The more concurrent queries, the longer the response time. To decrease the response time, investigate optimizing the query and increasing the number of analytics nodes. The “Explain” button on the Analytics Workbench will show the analytics query plan which may be useful for optimizing.

Since [ $alias ] is always a single element, it seems like CONTAINS could be used instead of ARRAY_INTERSECT (?)

(ARRAY_LENGTH(ARRAY_INTERSECT(ARRAY_STAR(doc.data.en.categories).alias, [ '${alias}' ]))

@mreiche thanks for answer!

Requests using multiple connections are more experimental, aimed at understanding the flow of handling Couchbase queries for analytics. Using multiple connections has almost no effect on query execution time. Optimizing queries: in real queries, a data array will be used, and a single value is only used for testing.

During testing and experiments, it was noticed that Couchbase processes 2-3 specified queries in parallel. A cluster of 3 nodes was created, rebalanced, and RAM/CPU limits and quotas were increased, but the changes only made things worse.

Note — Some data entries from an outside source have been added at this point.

lemma penalized_dini_inequality:
  fixes F :: "'a::real_normed_vector \<Rightarrow> real" and g :: "'a \<Rightarrow> 'b::real_normed_vector"
    and Df :: "'a \<Rightarrow>\<^sub>L real" and Dg :: "'a \<Rightarrow>\<^sub>L 'b"
  assumes "x0 \<in> C" "0 < \<delta>" "0 < \<delta>'" "0 \<le> c"
    and pen: "\<And>x. x \<in> C \<Longrightarrow> x \<in> ball x0 \<delta> \<Longrightarrow> F x0 \<le> F x + c * norm (g x)"
    and F_lip: "L-lipschitz_on (ball x0 \<delta>) F" and g_lip: "Kg-lipschitz_on (ball x0 \<delta>') g"
    and F': "((\<lambda>\<tau>. (F (x0 + \<tau> *\<^sub>R h) - F x0) / \<tau>) \<longlongrightarrow> Df h) (at_right 0)"
    and g': "gateaux_at g x0 Dg" "g x0 = 0"
  shows "0 \<le> ereal (Df h + c * norm (Dg h)) + ereal (L + c * Kg) * lower_dini_dist C x0 h"
proof -
  define \<rho> where "\<rho> = min \<delta> \<delta>'"
  define \<Phi> where "\<Phi> x = F x + c * norm (g x)" for x
  have g_lip': "Kg-lipschitz_on (ball x0 \<rho>) g"
    by (rule lipschitz_on_subset[OF g_lip]) (auto simp: \<rho>_def)
  have "Kg-lipschitz_on (ball x0 \<rho>) (\<lambda>x. norm (g x))"
  proof (rule lipschitz_onI)
    show "dist (norm (g x)) (norm (g y)) \<le> Kg * dist x y" if "x \<in> ball x0 \<rho>" "y \<in> ball x0 \<rho>" for x y
      using norm_triangle_ineq3[of "g x" "g y"] lipschitz_onD[OF g_lip' that]
      by (simp add: dist_real_def dist_norm)
  qed (rule lipschitz_on_nonneg[OF g_lip])
  moreover have "L-lipschitz_on (ball x0 \<rho>) F"
    by (rule lipschitz_on_subset[OF F_lip]) (auto simp: \<rho>_def)
  ultimately have lip: "(L + c * Kg)-lipschitz_on (ball x0 \<rho>) \<Phi>"
    unfolding \<Phi>_def using \<open>0 \<le> c\<close> by (intro lipschitz_on_add lipschitz_on_cmult_real_nonneg)
  show ?thesis
  proof (rule local_min_dini_inequality[of "\<rho> / 3" "L + c * Kg" x0 \<Phi>])
    show "\<Phi> x0 \<le> \<Phi> x + (L + c * Kg) * infdist x C" if "x \<in> ball x0 (\<rho> / 3)" for x
      using exact_penalization[OF lip \<open>x0 \<in> C\<close> _ that] pen \<open>g x0 = 0\<close> by (simp add: \<Phi>_def \<rho>_def)
    show "((\<lambda>\<tau>. (\<Phi> (x0 + \<tau> *\<^sub>R h) - \<Phi> x0) / \<tau>) \<longlongrightarrow> Df h + c * norm (Dg h)) (at_right 0)"
      unfolding \<Phi>_def by (rule penalty_quotient[OF F' g'])
  qed (use lipschitz_on_nonneg[OF lip] \<open>0 < \<delta>\<close> \<open>0 < \<delta>'\<close> in \<open>auto simp: \<rho>_def\<close>)
qed

lemma clarke_normal_multiplier:
  fixes Df :: "'a::real_normed_vector \<Rightarrow>\<^sub>L real" and Dg :: "'a \<Rightarrow>\<^sub>L 'b::real_normed_vector"
  assumes "x0 \<in> C" "0 \<le> c"
    and dini: "\<And>h. 0 \<le> ereal (Df h + c * norm (Dg h)) + ereal M * lower_dini_dist C x0 h"
  shows "\<exists>ys::'b \<Rightarrow>\<^sub>L real. norm ys \<le> c \<and> (\<exists>n\<in>clarke_normal_cone C x0. Df + (ys o\<^sub>L Dg) + n = 0)"
  unfolding clarke_normal_cone_def
proof (rule polar_multiplier_exists)
  have "convex_cone (clarke_tangent_cone C x0)"
    using convex_cone_clarke_tangent_cone \<open>x0 \<in> C\<close> by blast
  then show "convex (clarke_tangent_cone C x0)" "clarke_tangent_cone C x0 \<noteq> {}"
    by (simp_all add: convex_cone_def)
  show "0 \<le> Df h + c * norm (Dg h)" if "h \<in> clarke_tangent_cone C x0" for h
    using nonneg_on_contingent_cone[OF dini] clarke_tangent_cone_subset_contingent_cone[OF \<open>x0 \<in> C\<close>] that
    by blast
qed (rule \<open>0 \<le> c\<close>)

lemma contingent_polar_multiplier:
  fixes Df :: "'a::real_normed_vector \<Rightarrow>\<^sub>L real" and Dg :: "'a \<Rightarrow>\<^sub>L 'b::real_normed_vector"
  assumes "x0 \<in> C" "0 \<le> c"
    and dini: "\<And>h. 0 \<le> ereal (Df h + c * norm (Dg h)) + ereal M * lower_dini_dist C x0 h"
    and "convex (contingent_cone C x0)"
  shows "\<exists>ys::'b \<Rightarrow>\<^sub>L real. norm ys \<le> c \<and> (\<exists>n\<in>polar_cone (contingent_cone C x0). Df + (ys o\<^sub>L Dg) + n = 0)"
proof (rule polar_multiplier_exists)
  show "contingent_cone C x0 \<noteq> {}"
    using zero_in_clarke_tangent_cone clarke_tangent_cone_subset_contingent_cone[OF \<open>x0 \<in> C\<close>] by blast
  show "0 \<le> Df h + c * norm (Dg h)" if "h \<in> contingent_cone C x0" for h
    using nonneg_on_contingent_cone[OF dini that] .
qed fact+
text \<open>For an orthonormal frame with structure constants C, the Koszul formula gives
  G i j k = B (nabla_(f_i) f_j) f_k.\<close>

definition G :: "nat \<Rightarrow> nat \<Rightarrow> nat \<Rightarrow> real"
  where "G i j k = (C i j k - C j k i + C k i j) / 2"

lemma prod_eq_0:
  assumes "i \<in> I" "j \<in> I" "k \<in> I" "p \<in> I" "q \<in> I" "r \<in> I"
    and "w i + w j \<le> w k \<Longrightarrow> w p + w q \<le> w r \<Longrightarrow> False"
  shows "C i j k * C p q r = 0"
  using filtered assms by fastforce

lemma double_sum_eq_0:
  "(\<And>a k. a \<in> I \<Longrightarrow> k \<in> I \<Longrightarrow> g a k = 0) \<Longrightarrow> (\<Sum>a\<in>I. \<Sum>k\<in>I. g a k) = (0::real)"
  by (auto intro!: sum.neutral)

lemma double_sum_cong_swap:
  "(\<And>a k. a \<in> I \<Longrightarrow> k \<in> I \<Longrightarrow> g a k = h k a) \<Longrightarrow>
     (\<Sum>a\<in>I. \<Sum>k\<in>I. g a k) = (\<Sum>a\<in>I. \<Sum>k\<in>I. (h a k :: real))"
  by (subst sum.swap) (auto intro!: sum.cong)

lemma G_diag_eq_0:
  assumes "a \<in> I" "k \<in> I"
  shows "G a k a = 0"
proof -
  have "C a k a = 0" using filtered[of a k a] weight_pos[of k] assms by force
  moreover have "C k a a = 0" using antisym[of a k a] \<open>C a k a = 0\<close> assms by auto
  moreover have "C a a k = 0" using antisym[of a a k] assms by auto
  ultimately show ?thesis by (simp add: G_def)
qed

context
  fixes b c assumes b: "b \<in> I" and c: "c \<in> I"
begin

lemma sum_G_G:
  "(\<Sum>a\<in>I. \<Sum>k\<in>I. G a c k * G b k a) =
     (2 * (\<Sum>a\<in>I. \<Sum>k\<in>I. C k a c * C b k a) - (\<Sum>a\<in>I. \<Sum>k\<in>I. C a k b * C a k c)) / 4"
proof -
  have vanish: "(\<Sum>a\<in>I. \<Sum>k\<in>I. C a c k * C b k a) = 0" "(\<Sum>a\<in>I. \<Sum>k\<in>I. C c k a * C a b k) = 0"
    by (rule double_sum_eq_0, rule prod_eq_0; use b c weight_pos[OF b] weight_pos[OF c] in auto)+
  have swap1: "(\<Sum>a\<in>I. \<Sum>k\<in>I. C c k a * C b k a) = (\<Sum>a\<in>I. \<Sum>k\<in>I. C a c k * C a b k)"
    by (rule double_sum_cong_swap) (use antisym[of _ c] antisym[of _ b] b c in simp)
  have swap2: "(\<Sum>a\<in>I. \<Sum>k\<in>I. C c k a * C k a b) = (\<Sum>a\<in>I. \<Sum>k\<in>I. C a c k * C k a b)"
    apply (rule double_sum_cong_swap)
    subgoal for a k using antisym[of k c a] antisym[of a k b] b c by simp
    done
  have swap3: "(\<Sum>a\<in>I. \<Sum>k\<in>I. C k a c * C a b k) = (\<Sum>a\<in>I. \<Sum>k\<in>I. C k a c * C b k a)"
    apply (rule double_sum_cong_swap)
    subgoal for a k using antisym[of a k c] antisym[of b a k] b c by simp
    done
  have swap4: "(\<Sum>a\<in>I. \<Sum>k\<in>I. C k a c * C k a b) = (\<Sum>a\<in>I. \<Sum>k\<in>I. C a k b * C a k c)"
    by (rule double_sum_cong_swap) (simp add: mult.commute)
  have expand: "G a c k * G b k a = (C a c k * C b k a - C a c k * C k a b + C a c k * C a b k
      - C c k a * C b k a + C c k a * C k a b - C c k a * C a b k
      + C k a c * C b k a - C k a c * C k a b + C k a c * C a b k) / 4" for a k
    unfolding G_def by (simp add: algebra_simps)
  have "(\<Sum>a\<in>I. \<Sum>k\<in>I. G a c k * G b k a) =
      ((\<Sum>a\<in>I. \<Sum>k\<in>I. C a c k * C b k a) - (\<Sum>a\<in>I. \<Sum>k\<in>I. C a c k * C k a b)
       + (\<Sum>a\<in>I. \<Sum>k\<in>I. C a c k * C a b k) - (\<Sum>a\<in>I. \<Sum>k\<in>I. C c k a * C b k a)
       + (\<Sum>a\<in>I. \<Sum>k\<in>I. C c k a * C k a b) - (\<Sum>a\<in>I. \<Sum>k\<in>I. C c k a * C a b k)
       + (\<Sum>a\<in>I. \<Sum>k\<in>I. C k a c * C b k a) - (\<Sum>a\<in>I. \<Sum>k\<in>I. C k a c * C k a b)
       + (\<Sum>a\<in>I. \<Sum>k\<in>I. C k a c * C a b k)) / 4"
    unfolding expand by (simp only: sum_divide_distrib[symmetric] sum.distrib sum_subtractf)
  then show ?thesis
    unfolding vanish swap1 swap2 swap3 swap4 by argo
qed

lemma sum_C_G:
  "(\<Sum>a\<in>I. \<Sum>m\<in>I. C a b m * G m c a) =
     ((\<Sum>a\<in>I. \<Sum>k\<in>I. C b a k * C c a k) - (\<Sum>a\<in>I. \<Sum>k\<in>I. C k a c * C b k a)) / 2"
proof -
  have vanish: "(\<Sum>a\<in>I. \<Sum>m\<in>I. C a b m * C m c a) = 0"
    by (rule double_sum_eq_0, rule prod_eq_0) (use b c weight_pos[OF b] weight_pos[OF c] in auto)
  have swap1: "(\<Sum>a\<in>I. \<Sum>m\<in>I. C a b m * C c a m) = - (\<Sum>a\<in>I. \<Sum>k\<in>I. C b a k * C c a k)"
    unfolding sum_negf[symmetric] by (intro sum.cong refl) (use antisym[of b] b in simp)
  have swap2: "(\<Sum>a\<in>I. \<Sum>m\<in>I. C a b m * C a m c) = - (\<Sum>a\<in>I. \<Sum>k\<in>I. C k a c * C b k a)"
    unfolding sum_negf[symmetric] by (rule double_sum_cong_swap) (use antisym[of b] b in simp)
  have expand: "C a b m * G m c a = (C a b m * C m c a - C a b m * C c a m + C a b m * C a m c) / 2" for a m
    unfolding G_def by (simp add: algebra_simps)
  have "(\<Sum>a\<in>I. \<Sum>m\<in>I. C a b m * G m c a) =
      ((\<Sum>a\<in>I. \<Sum>m\<in>I. C a b m * C m c a) - (\<Sum>a\<in>I. \<Sum>m\<in>I. C a b m * C c a m)
       + (\<Sum>a\<in>I. \<Sum>m\<in>I. C a b m * C a m c)) / 2"
    unfolding expand by (simp only: sum_divide_distrib[symmetric] sum.distrib sum_subtractf)
  then show ?thesis
    unfolding vanish swap1 swap2 by argo
qed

The topic of this discussion is to understand how the analytics service processes queries and to identify errors when scaling (changing RAM/CPU quotas, adding nodes).

There’s an assumption that Couchbase evaluates the resources required for processing incoming queries before execution. It calculates how many queries can be executed in parallel based on the RAM/CPU quotas, and the remaining queries are added to a queue. The mechanism for calculating the number of workers, the required RAM for executing a query, and the distribution of load between cluster nodes is unclear. We need to figure this out to identify the reasons for the lack of improvement from scaling.

Hi @Maxim

This blog post will be helpful here. The amount of concurrent queries the Analytics service will execute is going to be determined by a combination of your cluster resources and the complexity of the queries.

Scaling up RAM, nodes and core counts should increase the concurrency possible, and I am surprised you found that not to be the case.

There are tunables that will increase the number of query workers (coresMultiplier) and ones that will reduce the amount of RAM allocated to a query, but per the blog post, this can backfire as it’s forcing the cluster to do more work than it may be capable of. Something to experiment with in your testing I’d say.

This topic was automatically closed 90 days after the last reply. New replies are no longer allowed.